Looks pretty darn good! I've eaten turtle before, but it was "cooked/cured" in a lime and garlic juice sauce for a couple days, they called  it "ceviche".


----------



## big game cook (Apr 29, 2009)

the plain fried can be a little or a lot tough. the simmering makes it fall from the bone.


----------



## afreetrapper (Apr 30, 2009)

I have about 8 lbs of snapper in the freezer looks like its time to thaw it out. I generally pressure pan it then make stew or jar it up and can it. I like the looks of this.


----------



## tasunkawitko (Apr 30, 2009)

looks good! never tried it but might have to one of these days.

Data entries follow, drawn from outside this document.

lemma lt_of_optimally_tilted_lt:
  fixes \<sigma> r a k :: real
  assumes "0 < \<sigma>" "0 < r" and k: "k = r / \<sigma>" and tilted: "k * a - k\<^sup>2 * \<sigma>\<^sup>2 / 2 < r\<^sup>2 / 2"
  shows "a < \<sigma> * r"
proof -
  have "0 < k" and "k\<^sup>2 * \<sigma>\<^sup>2 / 2 = r\<^sup>2 / 2"
    using assms by (simp_all add: power_divide)
  then have "a < r\<^sup>2 / k"
    using tilted by (simp add: field_simps)
  then show ?thesis
    using assms by (simp add: power2_eq_square mult.commute)
qed

lemma inner_matrix_lt_of_tilted_mass_lt:
  fixes X :: "real^'n^'m" and u :: "real^'m" and v :: "real^'n"
  assumes "0 < \<sigma>" "0 < \<delta>" "0 < \<epsilon>" "\<epsilon> < 1" "norm u = 1" "norm v = 1"
  defines "m \<equiv> real CARD('m)" and "n \<equiv> real CARD('n)"
  assumes "0 < r" and r: "r\<^sup>2 = (m + n) * ln (1 / (1 - \<epsilon>\<^sup>2)) + 2 * ln (1 / \<delta>)"
  defines "l \<equiv> r / \<sigma> / sqrt (m * n)"
  assumes small: "ennreal \<delta> * tilted_mass l (l\<^sup>2 * \<sigma>\<^sup>2 / 2) X < 1"
  shows "\<epsilon>\<^sup>2 * (u \<bullet> (X *v v)) < \<sigma> * r"
proof -
  define k where "k = l * sqrt (m * n)"
  have "0 < m" "0 < n"
    by (simp_all add: m_def n_def)
  then have k: "k = r / \<sigma>" "l\<^sup>2 * (m * n) = k\<^sup>2"
    by (simp_all add: k_def power_mult_distrib) (simp add: l_def)
  define E where "E = k * (\<epsilon>\<^sup>2 * (u \<bullet> (X *v v))) - k\<^sup>2 * \<sigma>\<^sup>2 / 2 - (m + n) / 2 * ln (1 / (1 - \<epsilon>\<^sup>2))"
  have linear_term: "k * (\<epsilon>\<^sup>2 * (u \<bullet> (X *v v))) = l * (\<epsilon>\<^sup>2 * sqrt (m * n) * (u \<bullet> (X *v v)))"
    by (simp add: k_def mult_ac)
  have quadratic_term: "k\<^sup>2 * \<sigma>\<^sup>2 / 2 = l\<^sup>2 * \<sigma>\<^sup>2 / 2 * (m * n)"
    by (simp flip: k(2))
  have bound: "ennreal (exp E) \<le> tilted_mass l (l\<^sup>2 * \<sigma>\<^sup>2 / 2) X"
    unfolding E_def linear_term quadratic_term m_def n_def by (rule tilted_mass_ge[OF assms(3-6)])
  have "ennreal (\<delta> * exp E) = ennreal \<delta> * ennreal (exp E)"
    using \<open>0 < \<delta>\<close> by (simp add: ennreal_mult)
  also have "\<dots> \<le> ennreal \<delta> * tilted_mass l (l\<^sup>2 * \<sigma>\<^sup>2 / 2) X"
    by (rule mult_left_mono[OF bound]) simp
  also note small
  finally have "exp E < 1 / \<delta>"
    using \<open>0 < \<delta>\<close> by (simp add: field_simps)
  then have "E < ln (1 / \<delta>)"
    using ln_less_cancel_iff[of "exp E" "1 / \<delta>"] \<open>0 < \<delta>\<close> by simp
  then have "k * (\<epsilon>\<^sup>2 * (u \<bullet> (X *v v))) - k\<^sup>2 * \<sigma>\<^sup>2 / 2 < r\<^sup>2 / 2"
    unfolding E_def r by simp
  then show ?thesis
    by (rule lt_of_optimally_tilted_lt[OF \<open>0 < \<sigma>\<close> \<open>0 < r\<close> k(1)])
qed

lemma onorm_le_of_tilted_mass_lt:
  fixes X :: "real^'n^'m"
  assumes "0 < \<sigma>" "0 < \<delta>" "\<delta> < 1" "0 < \<epsilon>" "\<epsilon> < 1"
  defines "m \<equiv> real CARD('m)" and "n \<equiv> real CARD('n)"
  defines "r \<equiv> sqrt ((m + n) * ln (1 / (1 - \<epsilon>\<^sup>2)) + 2 * ln (1 / \<delta>))"
  defines "l \<equiv> r / \<sigma> / sqrt (m * n)"
  assumes "ennreal \<delta> * tilted_mass l (l\<^sup>2 * \<sigma>\<^sup>2 / 2) X < 1"
  shows "onorm (\<lambda>x. X *v x) \<le> \<sigma> * sqrt (ln (1 / (1 - \<epsilon>\<^sup>2)) / \<epsilon> ^ 4 * real (CARD('m) + CARD('n))
                                   + 2 / \<epsilon> ^ 4 * ln (1 / \<delta>))"
proof -
  have "\<epsilon>\<^sup>2 < 1"
    using assms by (simp add: power_less_one_iff)
  then have "0 \<le> ln (1 / (1 - \<epsilon>\<^sup>2))" and "0 < ln (1 / \<delta>)"
    using assms by simp_all
  then have "0 < (m + n) * ln (1 / (1 - \<epsilon>\<^sup>2)) + 2 * ln (1 / \<delta>)"
    by (simp add: m_def n_def add_nonneg_pos)
  then have r: "0 < r" "r\<^sup>2 = (m + n) * ln (1 / (1 - \<epsilon>\<^sup>2)) + 2 * ln (1 / \<delta>)"
    by (simp_all add: r_def)
  have "onorm (\<lambda>x. X *v x) \<le> \<sigma> * r / \<epsilon>\<^sup>2"
  proof (rule onorm_le_of_bilinear_le)
    fix u :: "real^'m" and v :: "real^'n"
    assume "norm u = 1" "norm v = 1"
    from inner_matrix_lt_of_tilted_mass_lt[OF assms(1,2,4,5) this r(1)
        r(2)[unfolded m_def n_def] assms(10)[unfolded l_def m_def n_def]]
    show "u \<bullet> (X *v v) \<le> \<sigma> * r / \<epsilon>\<^sup>2"
      using \<open>0 < \<epsilon>\<close> by (simp add: field_simps)
  qed (use assms r in simp)
  also have "\<sigma> * r / \<epsilon>\<^sup>2 = \<sigma> * sqrt (r\<^sup>2 / \<epsilon> ^ 4)"
    using r(1) real_sqrt_unique[of "\<epsilon>\<^sup>2" "\<epsilon> ^ 4"] by (simp add: real_sqrt_divide)
  also have "r\<^sup>2 / \<epsilon> ^ 4 = ln (1 / (1 - \<epsilon>\<^sup>2)) / \<epsilon> ^ 4 * real (CARD('m) + CARD('n)) + 2 / \<epsilon> ^ 4 * ln (1 / \<delta>)"
  proof -
    have "((m + n) * a + 2 * b) / e = a / e * (m + n) + 2 / e * b" for a b e :: real
      by (simp add: add_divide_distrib ac_simps)
    then show ?thesis
      unfolding r by (simp add: m_def n_def)
  qed
  finally show ?thesis .
qed

lemma prob_Markov_less_1:
  assumes "prob_space M" and [measurable]: "Z \<in> borel_measurable M"
    and "(\<integral>\<^sup>+w. Z w \<partial>M) \<le> 1" and "0 < \<delta>"
  shows "1 - \<delta> \<le> measure M {w \<in> space M. ennreal \<delta> * Z w < 1}"
proof -
  interpret prob_space M by fact
  have "emeasure M {w \<in> space M. 1 \<le> ennreal \<delta> * Z w}
      \<le> ennreal \<delta> * (\<integral>\<^sup>+w. Z w * indicator (space M) w \<partial>M)"
    by (intro nn_integral_Markov_inequality borel_measurable_times_ennreal borel_measurable_indicator
        assms(2)) simp_all
  also have "(\<integral>\<^sup>+w. Z w * indicator (space M) w \<partial>M) = (\<integral>\<^sup>+w. Z w \<partial>M)"
    by (intro nn_integral_cong) simp
  also have "ennreal \<delta> * (\<integral>\<^sup>+w. Z w \<partial>M) \<le> ennreal \<delta> * 1"
    by (intro mult_left_mono assms(3)) simp
  finally have "measure M {w \<in> space M. 1 \<le> ennreal \<delta> * Z w} \<le> \<delta>"
    using \<open>0 < \<delta>\<close> by (simp add: emeasure_eq_measure)
  moreover have "{w \<in> space M. ennreal \<delta> * Z w < 1} = space M - {w \<in> space M. 1 \<le> ennreal \<delta> * Z w}"
    by (auto simp: not_le)
  ultimately show ?thesis
    by (simp add: prob_compl)
qed

theorem theorem4:
  fixes M :: "'a measure" and A :: "'a \<Rightarrow> real^'n^'m" and \<sigma> \<delta> \<epsilon> :: real
  assumes "prob_space M"
    and "subgaussian_matrix M A \<sigma>"
    and "\<sigma> > 0"
    and "0 < \<delta>" and "\<delta> < 1"
    and "0 < \<epsilon>" and "\<epsilon> < 1"
  shows "measure M {w \<in> space M. onorm (\<lambda>x. A w *v x) \<le>
           \<sigma> * sqrt (ln (1 / (1 - \<epsilon>\<^sup>2)) / \<epsilon> ^ 4 * real (CARD('m) + CARD('n))
                    + 2 / \<epsilon> ^ 4 * ln (1 / \<delta>))} \<ge> 1 - \<delta>"
proof -
  interpret prob_space M by fact
  let ?R = "\<sigma> * sqrt (ln (1 / (1 - \<epsilon>\<^sup>2)) / \<epsilon> ^ 4 * real (CARD('m) + CARD('n))
                    + 2 / \<epsilon> ^ 4 * ln (1 / \<delta>))"
  define r where "r = sqrt ((real CARD('m) + real CARD('n)) * ln (1 / (1 - \<epsilon>\<^sup>2)) + 2 * ln (1 / \<delta>))"
  define l where "l = r / \<sigma> / sqrt (real CARD('m) * real CARD('n))"
  have [measurable]: "A \<in> borel_measurable M"
    using assms(2) by (simp add: subgaussian_matrix_def)
  have bound: "onorm (\<lambda>x. A w *v x) \<le> ?R"
    if "ennreal \<delta> * tilted_mass l (l\<^sup>2 * \<sigma>\<^sup>2 / 2) (A w) < 1" for w
    using onorm_le_of_tilted_mass_lt[OF assms(3-7) that[unfolded l_def r_def]] .
  have "1 - \<delta> \<le> measure M {w \<in> space M. ennreal \<delta> * tilted_mass l (l\<^sup>2 * \<sigma>\<^sup>2 / 2) (A w) < 1}"
    by (rule prob_Markov_less_1[OF assms(1) _ nn_integral_tilted_mass_le_1[OF assms(1,2)] assms(4)]) measurable
  also have "\<dots> \<le> measure M {w \<in> space M. onorm (\<lambda>x. A w *v x) \<le> ?R}"
    using bound by (intro finite_measure_mono) auto
  finally show ?thesis .
qed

speaking of turtles...check this out.....



yeah, i know.....


----------



## big game cook (May 7, 2009)

it was great. had leftovers for 3 days.


----------



## bassman (May 7, 2009)

I haven't had any snapping turtle for years!  It was always said there are nine different kinds of meat on a turtle.  I only tasted turtle, but it was good.


----------



## big game cook (Jun 18, 2012)

thought ide resurrect this old thread since the summer is a great time to find these tasty beasts.


----------



## pops6927 (Jun 18, 2012)

big game cook said:


> thought ide resurrect this old thread since the summer is a great time to find these tasty beasts.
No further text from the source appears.